Our panel has developed an algorithm (FIGURE) that addresses the screening of individuals at risk of contracting HBV and the evaluation and monitoring of those who are identified as HBsAg-positive. Although the algorithm cannot anticipate all possible clinical circumstances, it offers a general path forward based on the results of routine laboratory tests. Ideally, an office system—whether using electronic medical records or not—would incorporate guideline-based prompts for screening and management.
FIGURE
Suspect HBV infection? Use this algorithm to screen and intervene
ALT, alanine aminotransferase; anti-HBe, antibody to HBeAg; anti-HBs, antibody to HBsAg; AST, aspartate aminotransferase; DNA, deoxyribose nucleic acid; HBeAg, hepatitis B e-antigen (protein produced by HBV, indicating heightened viral activity); HBsAg, hepatitis B surface antigen; HBV, hepatitis B virus; HIV, human immunodeficiency virus; HCC, hepatocellular carcinoma.

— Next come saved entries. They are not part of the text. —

text \<open>Y (dimension n) is independent from X (dimension m): X \<dashrightarrow> Y.\<close>
definition sl_indep ::
  "'w measure set \<Rightarrow> ('w \<Rightarrow> real list) \<Rightarrow> nat \<Rightarrow> ('w \<Rightarrow> real list) \<Rightarrow> nat \<Rightarrow> bool" where
  "sl_indep P X m Y n \<longleftrightarrow>
     (\<forall>\<phi>. cblip (m + n) \<phi> \<longrightarrow>
        sublin_E P (\<lambda>\<omega>. \<phi> (X \<omega> @ Y \<omega>)) =
        sublin_E P (\<lambda>\<omega>. sublin_E P (\<lambda>\<omega>'. \<phi> (X \<omega> @ Y \<omega>'))))"

text \<open>X_1 \<dashrightarrow> X_2 \<dashrightarrow> ... \<dashrightarrow> X_N (indices 1..N, X_j of dimension dd j):
  (X_1,...,X_i) \<dashrightarrow> X_{i+1} for i = 1..N-1.\<close>
definition seq_indep ::
  "'w measure set \<Rightarrow> (nat \<Rightarrow> 'w \<Rightarrow> real list) \<Rightarrow> (nat \<Rightarrow> nat) \<Rightarrow> nat \<Rightarrow> bool" where
  "seq_indep P X dd N \<longleftrightarrow>
     (\<forall>i. 1 \<le> i \<and> i < N \<longrightarrow>
        sl_indep P (\<lambda>\<omega>. concat (map (\<lambda>j. X j \<omega>) [1..<i+1])) (\<Sum>j\<in>{1..i}. dd j)
                   (X (i+1)) (dd (i+1)))"
(* Let $G=(V,E)$ be a countable graph with uniformly bounded degrees, $\alpha\in[0,1)$, and let $\{N_t\}_{t\ge0}$ be the weakly reinforced Pólya urn process on $G$ with exponent $\alpha$, $X_t=N_t/t$. Then for every $e\in E$, $\mathbb P\big(\limsup_{t\to\infty}X_t(e)\le 2\big)=1$.
   Context: $E_v=\{e\in E: v\in e\}$. The process: $\{P_v\}_{v\in V}$ i.i.d. Poisson point processes on $[0,\infty)\times[0,1]$ with intensity 1; initially $N_0(e)=1$ for all $e$. With $\mathrm{pol}_{v,e}(N)=N(e)^\alpha/\sum_{e'\in E_v}N(e')^\alpha$ and an enumeration $E_v=\{e_1,\dots,e_{\deg(v)}\}$, at each atom $(t,u)$ of $P_v$ the weight of $e_i$ is increased by 1 if $u\in(\sum_{j<i}\mathrm{pol}_{v,e_j}(N_t),\sum_{j\le i}\mathrm{pol}_{v,e_j}(N_t)]$ (weights just before $t$); no other changes occur. *)

theory Defs
  imports "HOL-Probability.Probability"
begin

definition edges_at :: "'v set set \<Rightarrow> 'v \<Rightarrow> 'v set set" where
  "edges_at E v = {e \<in> E. v \<in> e}"

definition countable_graph_bounded_degree :: "'v set \<Rightarrow> 'v set set \<Rightarrow> bool" where
  "countable_graph_bounded_degree V E \<longleftrightarrow>
     countable V \<and> (\<forall>e\<in>E. e \<subseteq> V \<and> card e = 2) \<and>
     (\<exists>D::nat. \<forall>v\<in>V. finite (edges_at E v) \<and> card (edges_at E v) \<le> D)"

definition edge_enumeration :: "'v set \<Rightarrow> 'v set set \<Rightarrow> ('v \<Rightarrow> nat \<Rightarrow> 'v set) \<Rightarrow> bool" where
  "edge_enumeration V E enum \<longleftrightarrow>
     (\<forall>v\<in>V. bij_betw (enum v) {..<card (edges_at E v)} (edges_at E v))"

definition pol :: "real \<Rightarrow> 'v set set \<Rightarrow> ('v set \<Rightarrow> nat) \<Rightarrow> 'v \<Rightarrow> 'v set \<Rightarrow> real" where
  "pol \<alpha> E N v e = real (N e) powr \<alpha> / (\<Sum>e'\<in>edges_at E v. real (N e') powr \<alpha>)"

definition sel_interval ::
  "real \<Rightarrow> 'v set set \<Rightarrow> ('v \<Rightarrow> nat \<Rightarrow> 'v set) \<Rightarrow> ('v set \<Rightarrow> nat) \<Rightarrow> 'v \<Rightarrow> 'v set \<Rightarrow> real set" where
  "sel_interval \<alpha> E enum N v e =
     (let i = (THE i. i < card (edges_at E v) \<and> enum v i = e)
      in {(\<Sum>j<i. pol \<alpha> E N v (enum v j)) <.. (\<Sum>j<Suc i. pol \<alpha> E N v (enum v j))})"

definition ppp_region :: "(real \<times> real) set" where
  "ppp_region = {0..} \<times> {0..1}"

text \<open>A family P of i.i.d. Poisson point processes with intensity 1 (Lebesgue measure) on
  [0,oo) x [0,1], indexed by V, each given by its random set of atoms P v \<omega>.
  Characterised by its finite-dimensional distributions: counts in Borel sets of finite
  measure are a.s. finite and Poisson distributed with mean the Lebesgue measure of the set,
  and counts in pairwise disjoint sets (for the same vertex) resp. for different vertices
  are (jointly) independent.\<close>

definition admissible_set :: "(real \<times> real) set \<Rightarrow> bool" where
  "admissible_set A \<longleftrightarrow> A \<in> sets lborel \<and> A \<subseteq> ppp_region \<and> emeasure lborel A < \<infinity>"

definition iid_poisson_point_processes ::
  "'a measure \<Rightarrow> 'v set \<Rightarrow> ('v \<Rightarrow> 'a \<Rightarrow> (real \<times> real) set) \<Rightarrow> bool" where
  "iid_poisson_point_processes M V P \<longleftrightarrow>
     prob_space M \<and>
     (\<forall>v\<in>V. \<forall>\<omega>\<in>space M. P v \<omega> \<subseteq> ppp_region) \<and>
     (\<forall>v\<in>V. \<forall>A. admissible_set A \<longrightarrow>
        (AE \<omega> in M. finite (P v \<omega> \<inter> A)) \<and>
        (\<lambda>\<omega>. card (P v \<omega> \<inter> A)) \<in> measurable M (count_space UNIV) \<and>
        (\<forall>k::nat. measure M {\<omega>\<in>space M. card (P v \<omega> \<inter> A) = k}
                   = measure lborel A ^ k / fact k * exp (- measure lborel A))) \<and>
     (\<forall>K. finite K \<longrightarrow> K \<subseteq> V \<times> Collect admissible_set \<longrightarrow>
        (\<forall>(v,A)\<in>K. \<forall>(v',A')\<in>K. v = v' \<and> A \<noteq> A' \<longrightarrow> A \<inter> A' = {}) \<longrightarrow>
        prob_space.indep_vars M (\<lambda>_. count_space UNIV) (\<lambda>(v,A) \<omega>. card (P v \<omega> \<inter> A)) K)"

text \<open>The weakly reinforced Polya urn process driven by P: almost surely, for all t >= 0 and
  all edges e, N_t(e) = 1 + number of atoms (s,u) of P_v, v an endpoint of e, with 0 < s <= t
  and u in the interval of e at v computed from the weights just before s (left limits).\<close>

definition wrpu_process ::
  "'a measure \<Rightarrow> real \<Rightarrow> 'v set set \<Rightarrow> ('v \<Rightarrow> nat \<Rightarrow> 'v set) \<Rightarrow>
   ('v \<Rightarrow> 'a \<Rightarrow> (real \<times> real) set) \<Rightarrow> (real \<Rightarrow> 'v set \<Rightarrow> 'a \<Rightarrow> nat) \<Rightarrow> bool" where
  "wrpu_process M \<alpha> E enum P N \<longleftrightarrow>
     (AE \<omega> in M. \<forall>t\<ge>0. \<forall>e\<in>E.
        N t e \<omega> = 1 + card {(v, s, u). v \<in> e \<and> (s, u) \<in> P v \<omega> \<and> 0 < s \<and> s \<le> t \<and>
             u \<in> sel_interval \<alpha> E enum (\<lambda>e'. Lim (at_left s) (\<lambda>r. N r e' \<omega>)) v e})"

end

theory Submission
  imports Defs
begin

text \<open>Every increment of \<open>N(e)\<close> uses an atom of \<open>P\<^sub>a\<close> or \<open>P\<^sub>b\<close> in the strip \<open>(0,t] \<times> [0,1]\<close>,
  where \<open>e = {a, b}\<close>, whatever the selection rule; hence \<open>N\<^sub>t(e) \<le> 1 + #P\<^sub>a(t) + #P\<^sub>b(t)\<close>.
  Each count is Poisson with mean \<open>t\<close>, and a Chernoff bound makes \<open>P(#P\<^sub>v(n) > c n)\<close>
  geometrically small for every \<open>c > 1\<close>, so by Borel--Cantelli \<open>#P\<^sub>v(t) \<le> c t\<close> eventually,
  almost surely. Letting \<open>c \<down> 1\<close> gives \<open>limsup N\<^sub>t(e)/t \<le> 2\<close>. The selection probabilities
  never enter.\<close>

definition time_strip :: "real \<Rightarrow> (real \<times> real) set" where
  "time_strip t = {0<..t} \<times> {0..1}"

lemma time_strip_mono: "t \<le> t' \<Longrightarrow> time_strip t \<subseteq> time_strip t'"
  by (auto simp: time_strip_def)

lemma admissible_time_strip:
  assumes "0 \<le> t"
  shows "admissible_set (time_strip t)" and "measure lborel (time_strip t) = t"
proof -
  have "time_strip t \<in> sets (borel \<Otimes>\<^sub>M borel)"
    unfolding time_strip_def by (intro pair_measureI) auto
  then have sets: "time_strip t \<in> sets lborel"
    by (subst (asm) borel_prod) simp
  have "emeasure lborel (time_strip t) = emeasure (lborel \<Otimes>\<^sub>M lborel) ({0<..t} \<times> {0..(1::real)})"
    by (simp add: time_strip_def lborel_prod)
  also have "\<dots> = emeasure lborel {0<..t} * emeasure lborel {0..(1::real)}"
    by (intro sigma_finite_measure.emeasure_pair_measure_Times lborel.sigma_finite_measure_axioms) auto
  finally have "emeasure lborel (time_strip t) = ennreal t"
    using assms by simp
  with sets assms show "admissible_set (time_strip t)" "measure lborel (time_strip t) = t"
    by (auto simp: admissible_set_def time_strip_def ppp_region_def measure_def)
qed

lemma exp_less_powr:
  fixes \<theta> c :: real
  assumes "1 < \<theta>" "\<theta> < c"
  shows "exp (\<theta> - 1) < \<theta> powr c"
proof -
  have "ln (1 / \<theta>) \<le> 1 / \<theta> - 1"
    using assms by (intro ln_le_minus_one) auto
  then have ln_lower: "(\<theta> - 1) / \<theta> \<le> ln \<theta>"
    using assms by (simp add: ln_div field_simps)
  have "\<theta> - 1 = \<theta> * ((\<theta> - 1) / \<theta>)"
    using assms by simp
  also have "\<dots> < c * ((\<theta> - 1) / \<theta>)"
    using assms by (intro mult_strict_right_mono) auto
  also have "\<dots> \<le> c * ln \<theta>"
    using assms ln_lower by (intro mult_left_mono) auto
  finally have "\<theta> - 1 < c * ln \<theta>" .
  then show ?thesis
    using assms by (simp add: powr_def mult.commute)
qed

Source: Primary Care Provider Workshop on Hepatitis B, sponsored by the Hepatitis B Foundation in Doylestown, Pa (March 10-11, 2010).

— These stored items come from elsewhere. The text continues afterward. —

lemma
  fixes A :: "'a::idom^'n^'n"
  shows degree_charpoly: "degree (charpoly A) = CARD('n)"
    and lead_coeff_charpoly: "lead_coeff (charpoly A) = 1"
proof -
  define T where "T p = of_int (sign p) * (\<Prod>i\<in>UNIV. charmat A $ i $ p i)" for p
  have split: "charpoly A = T id + (\<Sum>p\<in>{p. p permutes UNIV} - {id}. T p)"
    unfolding charpoly_def det_def T_def by (subst sum.remove[of _ id]) (auto simp: permutes_id)
  have T_id: "T id = (\<Prod>i\<in>UNIV. [:- A $ i $ i, 1:])"
    by (simp add: T_def sign_id charmat_entry)
  have degree_T_id: "degree (T id) = CARD('n)"
    by (simp add: T_id degree_prod_sum_eq)
  have lead_coeff_T_id: "lead_coeff (T id) = 1"
    by (simp add: T_id lead_coeff_prod)
  have "degree (T p) < CARD('n)" if non_id: "p \<noteq> id" for p
  proof -
    obtain i\<^sub>0 where "p i\<^sub>0 \<noteq> i\<^sub>0"
      using non_id by (metis eq_id_iff)
    have "degree (T p) \<le> degree (\<Prod>i\<in>UNIV. charmat A $ i $ p i)"
      using degree_mult_le[of "of_int (sign p)" "\<Prod>i\<in>UNIV. charmat A $ i $ p i"] by (simp add: T_def)
    also have "\<dots> \<le> (\<Sum>i\<in>UNIV. degree (charmat A $ i $ p i))"
      using degree_prod_sum_le[of UNIV "\<lambda>i. charmat A $ i $ p i"] by (simp add: o_def)
    also have "\<dots> < (\<Sum>i\<in>(UNIV::'n set). 1)"
      using \<open>p i\<^sub>0 \<noteq> i\<^sub>0\<close> by (intro sum_strict_mono_ex1) (auto simp: charmat_entry, metis)
    finally show ?thesis by simp
  qed
  then have less: "degree (\<Sum>p\<in>{p. p permutes UNIV} - {id}. T p) < CARD('n)"
    by (intro degree_sum_less) auto
  then show degree: "degree (charpoly A) = CARD('n)"
    unfolding split by (simp add: degree_add_eq_left degree_T_id)
  show "lead_coeff (charpoly A) = 1"
    using less lead_coeff_T_id unfolding degree by (simp add: split degree_T_id coeff_eq_0)
qed

lemma polynomial_in_coeff_charpoly:
  "polynomial_in matrix_entries (\<lambda>A::'a::comm_ring_1^'n^'n. coeff (charpoly A) k)"
proof -
  let ?B = "insert (\<lambda>A. [:0, 1:]) ((\<lambda>b A. [:b A:]) ` (matrix_entries :: ('a^'n^'n \<Rightarrow> 'a) set))"
  have "polynomial_in ?B (\<lambda>A. [:A $ i $ j:])" for i j
    by (rule polynomial_in.generator, rule insertI2, rule image_eqI[where x = "\<lambda>A. A $ i $ j"])
      (auto simp: matrix_entries_def)
  then have "polynomial_matrix_in ?B (\<lambda>A. \<chi> i j. [:A $ i $ j:])"
    by (simp add: polynomial_matrix_in_def)
  then have "polynomial_matrix_in ?B charmat"
    unfolding charmat_def[abs_def]
    by (intro polynomial_matrix_in_diff polynomial_matrix_in_mat polynomial_in.const)
  then have "polynomial_in ?B charpoly"
    unfolding charpoly_def[abs_def] by (rule polynomial_in_det)
  then show ?thesis
    by (rule polynomial_in_coeff)
qed

lemma mat_eigenvalues_eq_roots_charpoly: "mat_eigenvalues A = {c. poly (charpoly A) c = 0}"
  by (simp add: set_eq_iff mat_eigenvalues_def det_mat_minus_eq_0_iff poly_charpoly)

lemma card_roots_eq_degree_iff_rsquarefree:
  fixes p :: "complex poly"
  assumes "p \<noteq> 0"
  shows "card {c. poly p c = 0} = degree p \<longleftrightarrow> rsquarefree p"
proof -
  let ?R = "{c. poly p c = 0}"
  have "degree p = (\<Sum>c\<in>?R. order c p)"
    using size_proots_complex[of p] assms by (simp add: size_multiset_overloaded_eq)
  also have "\<dots> = (\<Sum>c\<in>?R. 1 + (order c p - 1))"
    using assms by (intro sum.cong) (auto simp: order_root)
  also have "\<dots> = card ?R + (\<Sum>c\<in>?R. order c p - 1)"
    unfolding sum.distrib by simp
  finally have "card ?R = degree p \<longleftrightarrow> (\<forall>c\<in>?R. order c p - 1 = 0)"
    using poly_roots_finite[OF assms] by simp
  also have "\<dots> \<longleftrightarrow> (\<forall>c. order c p = 0 \<or> order c p = 1)"
    using assms by (auto simp: order_root le_Suc_eq, metis neq0_conv)
  also have "\<dots> \<longleftrightarrow> rsquarefree p"
    using assms by (simp add: rsquarefree_def)
  finally show ?thesis .
qed

lemma has_n_distinct_eigenvalues_iff_rsquarefree:
  fixes A :: "complex^'n^'n"
  shows "has_n_distinct_eigenvalues A \<longleftrightarrow> rsquarefree (charpoly A)"
proof -
  have "charpoly A \<noteq> 0"
    using lead_coeff_charpoly[of A] by auto
  then show ?thesis
    unfolding has_n_distinct_eigenvalues_def mat_eigenvalues_eq_roots_charpoly
      degree_charpoly[of A, symmetric]
    by (rule card_roots_eq_degree_iff_rsquarefree)
qed

text \<open>\<open>det \<chi>\<^sub>A'(A)\<close> is the product of \<open>\<chi>\<^sub>A'(\<lambda>)\<close> over the eigenvalues \<open>\<lambda>\<close> of \<open>A\<close> counted with
  multiplicity, i.e. up to sign the discriminant of \<open>\<chi>\<^sub>A\<close>.\<close>
lemma det_mat_poly_pderiv_charpoly_nonzero_iff:
  fixes A :: "complex^'n^'n"
  shows "det (mat_poly (pderiv (charpoly A)) A) \<noteq> 0 \<longleftrightarrow> has_n_distinct_eigenvalues A"
proof -
  have "pderiv (charpoly A) \<noteq> 0"
    by (simp add: pderiv_eq_0_iff degree_charpoly)
  then show ?thesis
    by (auto simp: det_mat_poly_nonzero_iff has_n_distinct_eigenvalues_iff_rsquarefree
        rsquarefree_roots poly_charpoly[symmetric])
qed

lemma polynomial_in_det_mat_poly_pderiv_charpoly:
  "polynomial_in matrix_entries
    (\<lambda>A::'a::{idom, ring_char_0}^'n^'n. det (mat_poly (pderiv (charpoly A)) A))"
proof -
  have "polynomial_in matrix_entries (\<lambda>A::'a^'n^'n. coeff (pderiv (charpoly A)) k)" for k
    unfolding coeff_pderiv
    by (intro polynomial_in.mult polynomial_in.const polynomial_in_coeff_charpoly)
  moreover have "degree (pderiv (charpoly A)) \<le> CARD('n)" for A :: "'a^'n^'n"
    by (simp add: degree_pderiv degree_charpoly)
  ultimately show ?thesis
    by (intro polynomial_in_det polynomial_matrix_in_mat_poly polynomial_matrix_in_entries)
qed

definition simple_nonsingular_det :: "complex^'n^'n \<Rightarrow> complex" where
  "simple_nonsingular_det A = det A * det (mat_poly (pderiv (charpoly A)) A)"

lemma simple_nonsingular_det_nonzero_iff:
  "simple_nonsingular_det A \<noteq> 0 \<longleftrightarrow> invertible A \<and> has_n_distinct_eigenvalues A"
  by (simp add: simple_nonsingular_det_def invertible_det_nz det_mat_poly_pderiv_charpoly_nonzero_iff)

lemma polynomial_in_simple_nonsingular_det: "polynomial_in matrix_entries simple_nonsingular_det"
  unfolding simple_nonsingular_det_def[abs_def]
  by (intro polynomial_in.mult polynomial_in_det polynomial_matrix_in_entries
      polynomial_in_det_mat_poly_pderiv_charpoly)

section \<open>Polynomial paths\<close>

lemma matpoly_entry: "matpoly C k t $ i $ j = (\<Sum>l\<le>k. complex_of_real t ^ l * C l $ i $ j)"
proof -
  have "matpoly C k t $ i $ j = (\<Sum>l\<le>k. t ^ l *\<^sub>R C l $ i $ j)"
    by (simp add: matpoly_def)
  then show ?thesis
    by (simp add: scaleR_conv_of_real)
qed

lemma polynomial_in_matpoly:
  fixes D :: "complex^'n^'n \<Rightarrow> complex"
  assumes "polynomial_in matrix_entries D"
  shows "polynomial_in {complex_of_real} (\<lambda>t. D (matpoly C k t))"
  using assms
proof (rule polynomial_in_compose)
  fix b :: "complex^'n^'n \<Rightarrow> complex"
  assume "b \<in> matrix_entries"
  then obtain i j where b: "b = (\<lambda>A. A $ i $ j)"
    by (auto simp: matrix_entries_def)
  show "polynomial_in {complex_of_real} (\<lambda>t. b (matpoly C k t))"
    unfolding b matpoly_entry
    by (intro polynomial_in_sum polynomial_in.mult polynomial_in.const polynomial_in_power)
      (auto intro: polynomial_in.generator)
qed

Underuse of screening means many infected individuals are missed
The CDC has identified high-risk groups for HBV screening, including all individuals born in geographic regions where HBsAg prevalence is ≥2% (FIGURE, NOTE A).4 Screening is simple and relatively inexpensive (commercial diagnostic laboratories currently charge $150-$250 to screen for HBsAg and anti-HBs). Despite these recommendations, the recent IOM report confirms that screening is under-used or is not being done appropriately.2
Screening is also recommended for individuals about to undergo immunosuppressive or immune-modifying therapy (eg, for treatment of cancer, rheumatoid arthritis, or inflammatory bowel disease, or in preparation for bone marrow or other transplant). For these patients who are also asymptomatic inactive carriers of HBV, the risk of reactivation can be as high as 50%, especially in patients receiving chemotherapy for lymphoma. Deaths from fulminant hepatitis have also been reported; however, preemptive HBV antiviral treatment can reduce this risk to about 10% or less.14,15 The workshop panel recommends that providers screen for HBV under these circumstances, and that HBsAg-positive patients should start preemptive oral HBV antiviral therapy before receiving immunosuppressive or immune-modifying therapy (including systemic corticosteroids >2 weeks) to prevent a flare of hepatitis.2
Differentiate those who are chronically infected, immune, or susceptible
The CDC recommends screening for both HBsAg and anti-HBs. Taken together, the results of these tests can help you discern if the patient is actively infected (HBsAg-positive); immune (HBsAg-negative and anti-HBs-positive); or susceptible (negative for both seromarkers).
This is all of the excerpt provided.